• WHAT TO DO: Search term "longleftrightarrow": please show all lines in the listing that contain it.

• SUPPLIED ENTRIES:
************

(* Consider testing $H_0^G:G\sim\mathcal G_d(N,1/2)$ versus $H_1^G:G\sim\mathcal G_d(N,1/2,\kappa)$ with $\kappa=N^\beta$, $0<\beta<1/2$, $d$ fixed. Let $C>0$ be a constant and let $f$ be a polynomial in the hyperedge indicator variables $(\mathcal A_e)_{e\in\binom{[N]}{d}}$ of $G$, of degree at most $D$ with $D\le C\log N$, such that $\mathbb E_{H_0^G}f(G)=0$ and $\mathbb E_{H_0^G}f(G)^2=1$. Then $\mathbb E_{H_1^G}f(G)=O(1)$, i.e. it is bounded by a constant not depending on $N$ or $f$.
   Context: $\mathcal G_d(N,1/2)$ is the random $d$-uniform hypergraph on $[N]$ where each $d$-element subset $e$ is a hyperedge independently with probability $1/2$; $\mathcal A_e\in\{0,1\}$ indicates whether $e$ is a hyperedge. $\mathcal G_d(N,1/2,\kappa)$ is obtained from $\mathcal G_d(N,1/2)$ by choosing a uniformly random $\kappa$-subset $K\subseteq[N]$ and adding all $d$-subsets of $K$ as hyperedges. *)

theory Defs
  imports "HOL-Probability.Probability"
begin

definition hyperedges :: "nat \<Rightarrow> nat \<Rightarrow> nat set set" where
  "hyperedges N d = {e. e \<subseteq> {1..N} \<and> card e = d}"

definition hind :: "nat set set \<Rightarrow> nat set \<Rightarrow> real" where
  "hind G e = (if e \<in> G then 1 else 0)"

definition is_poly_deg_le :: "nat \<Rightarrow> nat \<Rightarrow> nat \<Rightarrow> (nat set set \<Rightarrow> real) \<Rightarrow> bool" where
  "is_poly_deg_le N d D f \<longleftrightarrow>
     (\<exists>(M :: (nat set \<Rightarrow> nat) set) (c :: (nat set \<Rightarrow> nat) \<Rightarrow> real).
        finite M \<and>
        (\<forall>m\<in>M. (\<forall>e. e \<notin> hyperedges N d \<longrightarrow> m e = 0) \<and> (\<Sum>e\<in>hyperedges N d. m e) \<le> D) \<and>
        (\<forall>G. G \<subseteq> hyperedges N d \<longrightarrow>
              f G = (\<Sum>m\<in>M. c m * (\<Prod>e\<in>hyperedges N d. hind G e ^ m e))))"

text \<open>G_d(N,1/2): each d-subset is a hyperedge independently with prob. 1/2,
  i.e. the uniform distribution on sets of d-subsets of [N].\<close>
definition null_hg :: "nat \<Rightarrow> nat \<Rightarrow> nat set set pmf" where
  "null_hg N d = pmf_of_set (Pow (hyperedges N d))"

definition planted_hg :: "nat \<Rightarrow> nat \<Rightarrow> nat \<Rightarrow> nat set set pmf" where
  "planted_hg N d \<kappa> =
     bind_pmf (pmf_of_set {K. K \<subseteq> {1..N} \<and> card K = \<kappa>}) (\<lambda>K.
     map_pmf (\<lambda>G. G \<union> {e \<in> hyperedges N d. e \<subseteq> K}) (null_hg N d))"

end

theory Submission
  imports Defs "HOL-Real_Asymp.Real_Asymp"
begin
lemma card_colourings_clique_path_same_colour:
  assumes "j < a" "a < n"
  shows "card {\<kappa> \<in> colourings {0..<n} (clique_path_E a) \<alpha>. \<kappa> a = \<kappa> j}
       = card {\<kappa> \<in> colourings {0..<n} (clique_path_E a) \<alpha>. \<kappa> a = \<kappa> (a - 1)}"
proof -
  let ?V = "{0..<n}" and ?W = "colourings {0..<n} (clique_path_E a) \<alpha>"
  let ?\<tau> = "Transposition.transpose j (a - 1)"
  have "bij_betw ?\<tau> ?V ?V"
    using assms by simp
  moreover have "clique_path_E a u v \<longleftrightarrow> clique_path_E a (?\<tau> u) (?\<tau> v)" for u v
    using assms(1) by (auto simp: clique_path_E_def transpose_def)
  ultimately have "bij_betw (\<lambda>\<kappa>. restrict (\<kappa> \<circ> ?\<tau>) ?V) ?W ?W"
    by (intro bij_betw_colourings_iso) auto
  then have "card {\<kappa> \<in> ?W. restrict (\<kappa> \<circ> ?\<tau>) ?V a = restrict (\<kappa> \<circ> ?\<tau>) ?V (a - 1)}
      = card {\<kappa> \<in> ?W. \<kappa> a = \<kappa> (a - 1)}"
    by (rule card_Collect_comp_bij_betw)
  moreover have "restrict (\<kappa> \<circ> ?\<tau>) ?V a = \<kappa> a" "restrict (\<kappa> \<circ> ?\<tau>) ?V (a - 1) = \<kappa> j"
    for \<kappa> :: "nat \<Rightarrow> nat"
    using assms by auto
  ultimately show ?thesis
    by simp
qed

************

• RESPONSE AREA:
  "is_poly_deg_le N d D f \<longleftrightarrow>
  moreover have "clique_path_E a u v \<longleftrightarrow> clique_path_E a (?\<tau> u) (?\<tau> v)" for u v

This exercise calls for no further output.